Lelaki yang berdiri tegak dengan tawaran dadakan itu adalah Arya pemilik perusahaan ternama. “Pilihan yang bagus, ikutlah dengan saya,” titahnya dan menatap tajam ke arah Zayn yang berdiri tidak jauh di hadapannya.
Dengan penuh keyakinan, Ayda melangkahkan kakinya. Ia sudah berjanji pada dirinya sendiri untuk tidak menoleh ke arah belakang. Hubungannya bersama Zayn sudah benar-benar berakhir.
Tidak ada lagi yang bisa ia harapkan. Tangan yang ia genggam pun terus membawanya pergi menjauh dari taman.

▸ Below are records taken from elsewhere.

(* Let $C=V^{(q)}\cap\mathcal{F}^{\otimes n}W^{(q)}$ be a CSS code on $n$ qupits, with $V,W\le\mathbb{Z}_p^n$ linear and $V^\perp\subseteq W$, and let $B\subseteq\{1,\dots,n\}$. Suppose the state $\rho$ has fidelity 1 with $C_B=V_B^{(q)}\cap\mathcal{F}^{\otimes n}W_B^{(q)}$. Then $\rho$ can be written as $\rho=\sum_i p_i|\psi_i\rangle\langle\psi_i|$ with $|\psi_i\rangle=\sum_j c_{ij}E_j|\phi_{ij}\rangle$, where each $E_j$ is a Pauli operator whose support is contained in $B$ and each $|\phi_{ij}\rangle\in C$.
   Context: A qupit is $\mathbb{C}^p$ for a prime $p$, with basis $\{|a\rangle:a\in\mathbb{Z}_p\}$. Set $\omega=e^{2\pi i/p}$, $\mathcal{F}|a\rangle=\frac1{\sqrt p}\sum_b\omega^{ab}|b\rangle$, $X|a\rangle=|a+1\rangle$ and $Z|a\rangle=\omega^a|a\rangle$. Pauli operators on $n$ qupits are the tensor products $X^{\mathbf x}Z^{\mathbf z}$, and their support is the set of positions where they act non-trivially. For a linear code $U\le\mathbb{Z}_p^n$, let $U^{(q)}=\mathrm{span}\{|\mathbf u\rangle:\mathbf u\in U\}$. For $B\subseteq\{1,\dots,n\}$, let $V_B=\{\mathbf v\in\mathbb{Z}_p^n:\exists\mathbf w\in V\text{ with }\mathrm{supp}(\mathbf v-\mathbf w)\subseteq B\}$, and define $W_B$ analogously. *)

theory Defs
  imports Complex_Main "HOL-Computational_Algebra.Primes"
begin

text \<open>Vectors of Z_p^n: functions nat => nat, entries < p at positions 0..n-1,
  and 0 elsewhere (qupit positions are indexed 0..n-1).\<close>
definition Zpn :: "nat \<Rightarrow> nat \<Rightarrow> (nat \<Rightarrow> nat) set" where
  "Zpn p n = {v. (\<forall>i<n. v i < p) \<and> (\<forall>i\<ge>n. v i = 0)}"
(* For $n\in\mathbb N$, let $\sigma$ be the measure on $L_n$ given by $\sigma(j)=\sin\big(\frac{j\pi}{n+1}\big)$, $1\le j\le n$. Then $C^0_\sigma=1+2\cos\big(\frac{\pi}{n+1}\big)$.
   Context: $L_n$ is the path graph with vertices $\{1,\dots,n\}$ and edges $\{j,j+1\}$, with distance $|i-j|$. For a weight function $\mu:\{1,\dots,n\}\to(0,\infty)$, $\mu(A)=\sum_{v\in A}\mu(v)$, $B(x,r)=\{y:|x-y|\le r\}$ and $C^0_\mu=\max_{1\le x\le n}\mu(B(x,1))/\mu(x)$. *)

theory Defs
  imports "HOL-Analysis.Analysis"
begin

text \<open>The path graph L_n: vertex set {1..n}, graph distance |i - j|.\<close>

definition path_ball :: "nat \<Rightarrow> nat \<Rightarrow> nat \<Rightarrow> nat set" where
  "path_ball n x r = {y \<in> {1..n}. \<bar>int x - int y\<bar> \<le> int r}"

definition meas :: "(nat \<Rightarrow> real) \<Rightarrow> nat set \<Rightarrow> real" where
  "meas \<mu> A = (\<Sum>v\<in>A. \<mu> v)"

definition C0 :: "nat \<Rightarrow> (nat \<Rightarrow> real) \<Rightarrow> real" where
  "C0 n \<mu> = Max ((\<lambda>x. meas \<mu> (path_ball n x 1) / \<mu> x) ` {1..n})"

end

theory Submission
  imports Defs
begin

text \<open>With \<open>a = \<pi>/(n+1)\<close>, the weight \<open>\<sigma> j = sin (j a)\<close> is a Dirichlet eigenvector of the
path: \<open>\<sigma>(j-1) + \<sigma>(j+1) = 2 cos a \<sigma> j\<close>, and the boundary values \<open>\<sigma> 0 = \<sigma>(n+1) = 0\<close> make
the truncated balls at the two endpoints behave like interior ones. Hence the ratio
\<open>\<sigma>(B(x,1)) / \<sigma> x\<close> equals \<open>1 + 2 cos a\<close> at every vertex, and so does its maximum.\<close>

lemma meas_path_ball_1:
  assumes "\<mu> 0 = 0" and "\<mu> (n + 1) = 0" and "x \<in> {1..n}"
  shows "meas \<mu> (path_ball n x 1) = \<mu> (x - 1) + \<mu> x + \<mu> (x + 1)"
proof -
  have ball_sub: "path_ball n x 1 \<subseteq> {x - 1, x, x + 1}"
    unfolding path_ball_def by auto
  have outside_zero: "\<mu> i = 0" if "i \<in> {x - 1, x, x + 1} - path_ball n x 1" for i
  proof -
    from that \<open>x \<in> {1..n}\<close> have "i = 0 \<or> i = n + 1"
      unfolding path_ball_def by auto
    then show ?thesis using assms(1,2) by auto
  qed
  have "meas \<mu> (path_ball n x 1) = sum \<mu> {x - 1, x, x + 1}"
    unfolding meas_def using ball_sub outside_zero by (intro sum.mono_neutral_left) auto
  also have "\<dots> = \<mu> (x - 1) + \<mu> x + \<mu> (x + 1)"
    using \<open>x \<in> {1..n}\<close> by (cases x) (auto simp: algebra_simps)
  finally show ?thesis .
qed

lemma C0_const_ratio:
  assumes "n \<ge> 1" and "\<And>x. x \<in> {1..n} \<Longrightarrow> meas \<mu> (path_ball n x 1) / \<mu> x = c"
  shows "C0 n \<mu> = c"
proof -
  have "(\<lambda>x. meas \<mu> (path_ball n x 1) / \<mu> x) ` {1..n} = {c}"
    using assms by (auto intro!: image_eqI[where x = 1])
  then show ?thesis by (simp add: C0_def)
qed

lemma C0_eigenvector:
  assumes "n \<ge> 1" and "\<mu> 0 = 0" and "\<mu> (n + 1) = 0"
    and pos: "\<And>x. x \<in> {1..n} \<Longrightarrow> \<mu> x > 0"
    and eigen: "\<And>x. x \<in> {1..n} \<Longrightarrow> \<mu> (x - 1) + \<mu> (x + 1) = c * \<mu> x"
  shows "C0 n \<mu> = 1 + c"
proof (rule C0_const_ratio[OF \<open>n \<ge> 1\<close>])
  fix x assume x: "x \<in> {1..n}"
  have "meas \<mu> (path_ball n x 1) = (1 + c) * \<mu> x"
    using meas_path_ball_1[OF assms(2,3) x] eigen[OF x] by (simp add: algebra_simps)
  then show "meas \<mu> (path_ball n x 1) / \<mu> x = 1 + c"
    using pos[OF x] by simp
qed

lemma sin_neighbours_sum: "sin (t - a) + sin (t + a) = 2 * cos a * sin (t :: real)"
  by (simp add: sin_add sin_diff)

lemma sin_multiple_pos:
  assumes "j \<in> {1..n}"
  shows "sin (real j * pi / real (n + 1)) > 0"
proof (rule sin_gt_zero)
  show "0 < real j * pi / real (n + 1)" using assms by simp
  have "real j * pi < real (n + 1) * pi" using assms by simp
  then show "real j * pi / real (n + 1) < pi" by (simp add: divide_less_eq)
qed

theorem lemma3p3:
  fixes n :: nat
  assumes "n \<ge> 1"
  shows "C0 n (\<lambda>j. sin (real j * pi / real (n + 1))) = 1 + 2 * cos (pi / real (n + 1))"
proof (rule C0_eigenvector[OF assms])
  define a where "a = pi / real (n + 1)"
  have angle: "real j * pi / real (n + 1) = real j * a" for j
    by (simp add: a_def)
  fix x assume "x \<in> {1..n}"
  then have "real (x - 1) * a = real x * a - a" and "real (x + 1) * a = real x * a + a"
    by (auto simp: of_nat_diff algebra_simps)
  then show "sin (real (x - 1) * pi / real (n + 1)) + sin (real (x + 1) * pi / real (n + 1))
      = 2 * cos (pi / real (n + 1)) * sin (real x * pi / real (n + 1))"
    unfolding angle a_def[symmetric] by (simp add: sin_neighbours_sum)
qed (simp, simp, rule sin_multiple_pos)

end
lemma form1_to_Q_scale: "form1_to_Q E (OM1_scale smult a x) - Const a * form1_to_Q E x \<in> IQ"
proof -
  have "form1_to_Q E (OM1_scale smult a x) - Const a * form1_to_Q E x =
     (\<Sum>k\<in>Poly_Mapping.keys x. of_int (Poly_Mapping.lookup x k) * E (fst k) *
        (QX (smult a (snd k)) - Const a * QX (snd k)))"
    by (simp add: OM1_scale_def form1_to_Q_def int_extend_sum int_extend_single case_prod_beta
        int_extend_def[of _ x] sum_distrib_left sum_subtractf[symmetric] algebra_simps)
  also have "\<dots> \<in> IQ"
    by (intro ideal_sum[OF is_ideal_IQ] ideal_mult_left[OF is_ideal_IQ] QGens_in_IQ)
  finally show ?thesis .
qed

end

context algebra_module_connection
begin

lemma nabla_add:
  assumes "Q_derivation E"
  shows "form1_to_Q E (nabla (m + n)) - form1_to_Q E (nabla m) - form1_to_Q E (nabla n) \<in> IQ"
  using form1_to_Q_cong[OF assms, of "nabla (m + n)" "nabla m + nabla n"] connection
  by (simp add: module_connection_def form1_to_Q_def int_extend_add diff_diff_eq)

lemma nabla_smult:
  assumes "Q_derivation E"
  shows "form1_to_Q E (nabla (smult a m)) - (Const a * form1_to_Q E (nabla m) + E a * QX m) \<in> IQ"
proof -
  have "form1_to_Q E (nabla (smult a m)) - form1_to_Q E (OM1_scale smult a (nabla m) + frag_of (a, m)) \<in> IQ"
    using form1_to_Q_cong[OF assms] connection by (simp add: module_connection_def)
  from ideal_add[OF is_ideal_IQ this form1_to_Q_scale[of E a "nabla m"]]
  show ?thesis
    by (simp add: form1_to_Q_def int_extend_add int_extend_single algebra_simps)
qed
(* Let $q$ be even and let $H$ be a $BH(n,q)$ matrix, $H_{i,j}=e^{2\pi i L_{i,j}/q}$ with $L$ an integer matrix, whose $\mathbb{Z}_q$-rank is $r$. Suppose there exist integer matrices $Q$ of size $n\times r$ and $S$ of size $r\times n$ with $QS\equiv L\pmod q$ such that every entry of the first row of $S$ is even. Then there exists a $BH(2n,q)$ matrix whose $\mathbb{Z}_q$-rank is $r$.
   Context: A $BH(n,q)$ matrix is an $n\times n$ complex matrix whose entries are $q$-th roots of unity and which satisfies $HH^\ast=nI_n$. The $\mathbb{Z}_q$-rank of an $n\times n$ integer matrix $L$ is the smallest positive integer $r$ such that there exist integer matrices $S$ ($n\times r$) and $T$ ($r\times n$) with $ST\equiv L\pmod q$ entrywise; the $\mathbb{Z}_q$-rank of a $BH(n,q)$ matrix $H$ is that of the integer matrix $L$ with entries in $\{0,\dots,q-1\}$ and $H_{i,j}=e^{2\pi i L_{i,j}/q}$. *)

theory Defs
  imports Complex_Main
begin

text \<open>n x n matrices are represented as functions on indices, only entries
with indices < n are relevant.\<close>

definition is_BH :: "nat \<Rightarrow> nat \<Rightarrow> (nat \<Rightarrow> nat \<Rightarrow> complex) \<Rightarrow> bool" where
  "is_BH n q H \<longleftrightarrow>
     (\<forall>i<n. \<forall>j<n. H i j ^ q = 1) \<and>
     (\<forall>i<n. \<forall>k<n. (\<Sum>j<n. H i j * cnj (H k j)) = (if i = k then of_nat n else 0))"

definition phase_matrix :: "nat \<Rightarrow> nat \<Rightarrow> (nat \<Rightarrow> nat \<Rightarrow> complex) \<Rightarrow> (nat \<Rightarrow> nat \<Rightarrow> int) \<Rightarrow> bool" where
  "phase_matrix n q H L \<longleftrightarrow>
     (\<forall>i<n. \<forall>j<n. 0 \<le> L i j \<and> L i j < int q \<and>
        H i j = exp (2 * of_real pi * \<i> * of_int (L i j) / of_nat q))"

definition zq_factors :: "nat \<Rightarrow> nat \<Rightarrow> nat \<Rightarrow> (nat \<Rightarrow> nat \<Rightarrow> int) \<Rightarrow> (nat \<Rightarrow> nat \<Rightarrow> int) \<Rightarrow> (nat \<Rightarrow> nat \<Rightarrow> int) \<Rightarrow> bool" where
  "zq_factors q n r Q S L \<longleftrightarrow>
     (\<forall>i<n. \<forall>j<n. (\<Sum>k<r. Q i k * S k j) mod int q = L i j mod int q)"

definition zq_rank :: "nat \<Rightarrow> nat \<Rightarrow> (nat \<Rightarrow> nat \<Rightarrow> int) \<Rightarrow> nat" where
  "zq_rank q n L = (LEAST r. 0 < r \<and> (\<exists>Q S. zq_factors q n r Q S L))"

end

theory Submission
  imports Defs "HOL-Analysis.Analysis"
begin

(* Write e(x) = exp(2 pi i x / q).  From a BH(n,q) matrix H with
   phase matrix L and a factorization L == Q S (mod q) we build the 2n x 2n
   matrix  H' = [[H, D H], [H, -D H]],  D = diag(e(Q i 0)),  whose phase matrix
   is  L' = [[L, L + Q0], [L, L + Q0 + q/2]]  (reduced mod q, Q0 the first
   column of Q repeated along rows).
   1. Elementary facts about e (periodicity, conjugation, e(q/2) = -1).
   2. H' is a BH(2n,q) matrix for any choice of the diagonal D: the inner
      product of two rows of H' is (1 + u_i conj u_k) times an inner product
      of rows of H, where u_i = +-e(Q i 0) is the factor on the right block.
   3. Rank: L' has the factorization Q' S' of the same length r, where Q' adds
      q/2 to the first column in the lower half and S' adds 1 to the first row
      in the right half; the correction (q/2) S 0 j vanishes mod q exactly
      because the first row of S is even.  Conversely L is the top-left block
      of L', so every factorization of L' restricts to one of L. *)

definition root_exp :: "nat \<Rightarrow> int \<Rightarrow> complex" where
  "root_exp q x = exp (2 * of_real pi * \<i> * of_int x / of_nat q)"

lemma root_exp_add: "root_exp q (x + y) = root_exp q x * root_exp q y"
  unfolding root_exp_def by (simp add: exp_add[symmetric] algebra_simps add_divide_distrib)

lemma root_exp_multiple:
  assumes "q > 0" shows "root_exp q (int q * m) = 1"
proof -
  have "2 * complex_of_real pi * \<i> * of_int (int q * m) / of_nat q = \<i> * (of_int m * (of_real pi * 2))"
    using assms by (simp add: field_simps)
  then show ?thesis unfolding root_exp_def by simp
qed

lemma root_exp_mod:
  assumes "q > 0" shows "root_exp q (x mod int q) = root_exp q x"
proof -
  have "root_exp q x = root_exp q (x mod int q + int q * (x div int q))" by simp
  also have "\<dots> = root_exp q (x mod int q)"
    by (simp only: root_exp_add root_exp_multiple[OF assms] mult_1_right)
  finally show ?thesis by simp
qed

lemma root_exp_power:
  assumes "q > 0" shows "root_exp q x ^ q = 1"
proof -
  have "root_exp q x ^ q = exp (of_nat q * (2 * of_real pi * \<i> * of_int x / of_nat q))"
    unfolding root_exp_def by (rule exp_of_nat_mult[symmetric])
  also have "\<dots> = root_exp q (int q * x)" unfolding root_exp_def using assms by (simp add: field_simps)
  finally show ?thesis using root_exp_multiple[OF assms] by simp
qed

lemma root_exp_unimodular: "root_exp q x * cnj (root_exp q x) = 1"
proof -
  have "cnj (root_exp q x) = root_exp q (- x)" unfolding root_exp_def by (simp add: exp_cnj)
  then have "root_exp q x * cnj (root_exp q x) = root_exp q (x + - x)" by (simp only: root_exp_add)
  then show ?thesis by (simp add: root_exp_def)
qed

text \<open>For even q the phase q/2 is the sign -1; this produces the minus block.\<close>
lemma root_exp_half:
  assumes "even q" "q > 0" shows "root_exp q (int q div 2) = -1"
proof -
  obtain m where m: "q = 2 * m" "m > 0" using assms by auto
  have "2 * complex_of_real pi * \<i> * of_int (int q div 2) / of_nat q = of_real pi * \<i>"
    using m by (simp add: field_simps)
  then show ?thesis unfolding root_exp_def by simp
qed

lemma phase_matrix_root_exp:
  assumes "phase_matrix n q H L" "i < n" "j < n"
  shows "H i j = root_exp q (L i j)"
  using assms unfolding phase_matrix_def root_exp_def by simp

definition fold_index :: "nat \<Rightarrow> nat \<Rightarrow> nat" where
  "fold_index n i = (if i < n then i else i - n)"

lemma fold_index_less: "i < 2 * n \<Longrightarrow> fold_index n i < n"
  by (auto simp: fold_index_def)

text \<open>Phase matrix [[L, L + d], [L, L + d + q/2]] mod q, where d i is added
  along row i in the right half.\<close>
definition doubled_phase :: "nat \<Rightarrow> nat \<Rightarrow> (nat \<Rightarrow> nat \<Rightarrow> int) \<Rightarrow> (nat \<Rightarrow> int) \<Rightarrow> nat \<Rightarrow> nat \<Rightarrow> int" where
  "doubled_phase q n L d i j =
     (L (fold_index n i) (fold_index n j) + (if n \<le> j then d (fold_index n i) else 0)
      + (if n \<le> i \<and> n \<le> j then int q div 2 else 0)) mod int q"

lemma phase_matrix_doubled:
  assumes "q > 0"
  shows "phase_matrix (2 * n) q (\<lambda>i j. root_exp q (doubled_phase q n L d i j)) (doubled_phase q n L d)"
  using assms unfolding phase_matrix_def doubled_phase_def root_exp_def by auto

lemma sum_lessThan_double:
  "(\<Sum>j<2 * (n::nat). f j) = (\<Sum>j<n. f j) + (\<Sum>j<n. f (j + n))"
proof -
  have "(\<Sum>j<2*n. f j) = sum f {0..<n} + sum f {n..<2*n}"
    by (simp add: lessThan_atLeast0 sum.atLeastLessThan_concat)
  also have "sum f {n..<2*n} = (\<Sum>j<n. f (j + n))"
    using sum.shift_bounds_nat_ivl[of f 0 n n] by (simp add: lessThan_atLeast0 mult_2)
  finally show ?thesis by (simp add: lessThan_atLeast0)
qed

lemma doubled_row_inner:
  fixes M H :: "nat \<Rightarrow> nat \<Rightarrow> complex" and u :: "nat \<Rightarrow> complex"
  assumes left: "\<And>j. j < n \<Longrightarrow> M i j = H (fold_index n i) j \<and> M k j = H (fold_index n k) j"
    and right: "\<And>j. j < n \<Longrightarrow> M i (j + n) = H (fold_index n i) j * u i
                               \<and> M k (j + n) = H (fold_index n k) j * u k"
  shows "(\<Sum>j<2 * n. M i j * cnj (M k j))
       = (1 + u i * cnj (u k)) * (\<Sum>j<n. H (fold_index n i) j * cnj (H (fold_index n k) j))"
proof -
  let ?G = "\<Sum>j<n. H (fold_index n i) j * cnj (H (fold_index n k) j)"
  have "(\<Sum>j<2*n. M i j * cnj (M k j))
      = (\<Sum>j<n. M i j * cnj (M k j)) + (\<Sum>j<n. M i (j+n) * cnj (M k (j+n)))"
    by (rule sum_lessThan_double)
  also have "(\<Sum>j<n. M i j * cnj (M k j)) = ?G"
    by (rule sum.cong) (simp_all add: left)
  also have "(\<Sum>j<n. M i (j+n) * cnj (M k (j+n))) = (u i * cnj (u k)) * ?G"
    unfolding sum_distrib_left by (rule sum.cong) (simp_all add: right algebra_simps)
  finally show ?thesis by (simp add: algebra_simps)
qed

lemma is_BH_doubled:
  assumes "even q" "q > 0" "is_BH n q H" "phase_matrix n q H L"
  shows "is_BH (2 * n) q (\<lambda>i j. root_exp q (doubled_phase q n L d i j))"
proof -
  define H' where "H' i j = root_exp q (doubled_phase q n L d i j)" for i j
  define u where "u i = root_exp q (d (fold_index n i)) * (if n \<le> i then -1 else 1)" for i
  have H'_eq: "H' i j = root_exp q (L (fold_index n i) (fold_index n j))
                        * (if n \<le> j then u i else 1)" for i j
    unfolding H'_def doubled_phase_def root_exp_mod[OF \<open>q > 0\<close>] root_exp_add u_def
    using root_exp_half[OF assms(1,2)] by (auto simp: root_exp_def)
  have left: "H' i j = H (fold_index n i) j"
    and right: "H' i (j + n) = H (fold_index n i) j * u i" if "i < 2 * n" "j < n" for i j
    using that H'_eq[of i j] H'_eq[of i "j + n"]
      phase_matrix_root_exp[OF assms(4) fold_index_less[OF that(1)] that(2)]
    by (simp_all add: fold_index_def)
  have u_unimodular: "u i * cnj (u i) = 1" for i
    using root_exp_unimodular[of q "d (fold_index n i)"] by (simp add: u_def)
  have "(\<Sum>j<2 * n. H' i j * cnj (H' k j)) = (if i = k then of_nat (2 * n) else 0)"
    if i: "i < 2 * n" and k: "k < 2 * n" for i k
  proof -
    have inner: "(\<Sum>j<2 * n. H' i j * cnj (H' k j)) = (1 + u i * cnj (u k))
        * (if fold_index n i = fold_index n k then of_nat n else 0)"
      using doubled_row_inner[of n H' i H k u] left right i k assms(3)
        fold_index_less[OF i] fold_index_less[OF k]
      unfolding is_BH_def by simp
    show ?thesis
    proof (cases "fold_index n i = fold_index n k")
      case False
      then show ?thesis using inner by auto
    next
      case same_block: True
      show ?thesis
      proof (cases "i = k")
        case True
        then show ?thesis using inner u_unimodular[of k] by simp
      next
        case False
        then have "u i = - u k"
          using same_block i k by (auto simp: u_def fold_index_def split: if_splits)
        then show ?thesis using inner u_unimodular[of k] False by simp
      qed
    qed
  qed
  moreover have "H' i j ^ q = 1" for i j
    unfolding H'_def using root_exp_power[OF \<open>q > 0\<close>] by simp
  ultimately show ?thesis unfolding is_BH_def H'_def by blast
qed

text \<open>The rank is attained: L = L * I is a factorization of length n + 1.\<close>
lemma zq_rank_attained:
  "0 < zq_rank q n L \<and> (\<exists>Q S. zq_factors q n (zq_rank q n L) Q S L)"
proof -
  define Q where "Q i k = (if k < n then L i k else 0)" for i k
  define S :: "nat \<Rightarrow> nat \<Rightarrow> int" where "S k j = (if k = j then 1 else 0)" for k j
  have "zq_factors q n (Suc n) Q S L"
    unfolding zq_factors_def
  proof (intro allI impI)
    fix i j assume "i < n" "j < n"
    have "(\<Sum>k<Suc n. Q i k * S k j) = (\<Sum>k<Suc n. if k = j then L i j else 0)"
      by (rule sum.cong) (auto simp: Q_def S_def \<open>j < n\<close>)
    also have "\<dots> = L i j" using \<open>j < n\<close> by simp
    finally show "(\<Sum>k<Suc n. Q i k * S k j) mod int q = L i j mod int q" by simp
  qed
  then have "0 < Suc n \<and> (\<exists>Q S. zq_factors q n (Suc n) Q S L)" by blast
  then show ?thesis unfolding zq_rank_def by (rule LeastI)
qed

lemma zq_rank_le: "0 < r \<Longrightarrow> zq_factors q n r Q S L \<Longrightarrow> zq_rank q n L \<le> r"
  unfolding zq_rank_def by (blast intro: Least_le)

lemma zq_factors_restrict:
  assumes "zq_factors q m r Q S L'" "n \<le> m"
    and "\<And>i j. i < n \<Longrightarrow> j < n \<Longrightarrow> L' i j mod int q = L i j mod int q"
  shows "zq_factors q n r Q S L"
  using assms unfolding zq_factors_def by auto

lemma zq_factors_doubled:
  assumes "even q" "0 < r" "zq_factors q n r Q S L" and even_row: "\<forall>j<n. even (S 0 j)"
  shows "\<exists>Q' S'. zq_factors q (2 * n) r Q' S' (doubled_phase q n L (\<lambda>i. Q i 0))"
proof -
  define Q' where "Q' i k = Q (fold_index n i) k + (if n \<le> i \<and> k = 0 then int q div 2 else 0)" for i k
  define S' where "S' k j = S k (fold_index n j) + (if n \<le> j \<and> k = 0 then 1 else 0)" for k j
  have "(\<Sum>k<r. Q' i k * S' k j) mod int q = doubled_phase q n L (\<lambda>i. Q i 0) i j mod int q"
    if i: "i < 2 * n" and j: "j < 2 * n" for i j
  proof -
    let ?a = "fold_index n i" and ?b = "fold_index n j"
    define shift where "shift = (if n \<le> j then Q ?a 0 else 0)
                                + (if n \<le> i \<and> n \<le> j then int q div 2 else 0)"
    define error where "error = (if n \<le> i then int q div 2 * S 0 ?b else 0)"
    text \<open>Only the k = 0 term of the product changes.\<close>
    have "(\<Sum>k<r. Q' i k * S' k j)
        = (\<Sum>k<r. Q ?a k * S k ?b + (if k = 0 then shift + error else 0))"
      by (rule sum.cong) (auto simp: Q'_def S'_def shift_def error_def algebra_simps)
    also have "\<dots> = (\<Sum>k<r. Q ?a k * S k ?b) + shift + error"
      using \<open>0 < r\<close> by (simp add: sum.distrib)
    finally have expand: "(\<Sum>k<r. Q' i k * S' k j) = (\<Sum>k<r. Q ?a k * S k ?b) + shift + error" .
    have "int q dvd error"
    proof -
      obtain t where "S 0 ?b = 2 * t" using even_row fold_index_less[OF j] by blast
      moreover obtain m where "q = 2 * m" using \<open>even q\<close> by blast
      ultimately show ?thesis by (simp add: error_def)
    qed
    then have "(\<Sum>k<r. Q' i k * S' k j) mod int q = ((\<Sum>k<r. Q ?a k * S k ?b) + shift) mod int q"
      unfolding expand by (metis add_0_right dvd_eq_mod_eq_0 mod_add_right_eq)
    also have "\<dots> = (L ?a ?b + shift) mod int q"
      using assms(3) fold_index_less[OF i] fold_index_less[OF j]
      unfolding zq_factors_def by (intro mod_add_cong) auto
    finally show ?thesis by (simp add: doubled_phase_def shift_def add.assoc)
  qed
  then show ?thesis unfolding zq_factors_def by blast
qed

theorem corollary1:
  fixes n q r :: nat and H :: "nat \<Rightarrow> nat \<Rightarrow> complex" and L :: "nat \<Rightarrow> nat \<Rightarrow> int"
  assumes "even q" and "q > 0"
    and "is_BH n q H"
    and "phase_matrix n q H L"
    and "zq_rank q n L = r"
    and "\<exists>Q S. zq_factors q n r Q S L \<and> (\<forall>j<n. even (S 0 j))"
  shows "\<exists>H' L'. is_BH (2 * n) q H' \<and> phase_matrix (2 * n) q H' L' \<and> zq_rank q (2 * n) L' = r"
proof -
  obtain Q S where fac: "zq_factors q n r Q S L" and even_row: "\<forall>j<n. even (S 0 j)"
    using assms(6) by blast
  have "0 < r" using zq_rank_attained[of q n L] assms(5) by simp
  define L' where "L' = doubled_phase q n L (\<lambda>i. Q i 0)"
  have "zq_rank q (2 * n) L' \<le> r"
    using zq_factors_doubled[OF assms(1) \<open>0 < r\<close> fac even_row] zq_rank_le \<open>0 < r\<close>
    unfolding L'_def by blast
  moreover have "r \<le> zq_rank q (2 * n) L'"
  proof -
    obtain Q2 S2 where "zq_factors q (2 * n) (zq_rank q (2 * n) L') Q2 S2 L'"
      and "0 < zq_rank q (2 * n) L'" using zq_rank_attained by blast
    moreover have "L' i j mod int q = L i j mod int q" if "i < n" "j < n" for i j
      using that by (simp add: L'_def doubled_phase_def fold_index_def)
    ultimately have "zq_factors q n (zq_rank q (2 * n) L') Q2 S2 L"
      using zq_factors_restrict[of q "2 * n" _ Q2 S2 L' n L] by simp
    then show ?thesis using zq_rank_le \<open>0 < zq_rank q (2 * n) L'\<close> assms(5) by blast
  qed
  ultimately have "zq_rank q (2 * n) L' = r" by simp
  then show ?thesis
    using is_BH_doubled[OF assms(1-4)] phase_matrix_doubled[OF assms(2)] unfolding L'_def by blast
qed

end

Setelah beberapa menit berjalan, Ayda pun menghentikan langkahnya di sebuah kafe pinggir jalan.
“Tunggu di sini, saya akan segera kembali,” ucap Arya yang langsung memasuki kafe dan membiarkan Ayda berdiri di luar.
“Dasar lelaki mesum. Dia itu sebenarnya bos atau pengintai sih, kenapa dia bisa tau kalau gue lagi ketemu sama Zayn. Terus tiba-tiba dia datang dan ngajak gue buat nikah. Bodohnya lagi gue terima lagi karena saking kesalnya liat muka Zayn di sana,” gerutu Ayda sambil terus menendang batu yang ada di tepi jalan.
“Jangan memarahi batu itu,” sergah Arya yang sudah keluar dari kafe sambil membawa selembar kertas di tangannya.
Ayda yang menatap aneh ke arah Arya pun langsung diam dan tak banyak bicara. Akan tetapi, keadaan sudah sangat di luar dugaan. Bagaimana pun juga Ayda harus menanyakan perihal kesepakatan yang sudah dibuat saat berada di situasi menegangkan.
“Tanyakan saja! Saya bukan orang kejam yang akan melarang seseorang untuk bicara.” Arya berdiri tegak menghadap Ayda sambil melipat kedua tangan di depan dada.
Hingga akhirnya, Ayda pun memberanikan diri untuk bertanya meskipun kakinya gemetar saat ditatap tajam oleh bosnya. “kenapa tiba-tiba Bapak mengajak saya untuk menikah? Kita bahkan baru kenal … apa bapak masih dendam karena kejadian di lift?” tanya Ayda dengan ragu.
Arya yang terlihat sangat tenang pun tersenyum dan memberikan selembar kertas yang ia bawa pada Ayda. “Bacalah ini dan pahami,” titahnya.
Tanpa ragu Ayda pun meraih kertas itu dan membacanya. Bola mata Ayda pun sontak membulat saat melihat jumlah uang kesepakatan yang ditawarkann. “Li-lima ratus juta?” ucapnya dengan terbata-bata.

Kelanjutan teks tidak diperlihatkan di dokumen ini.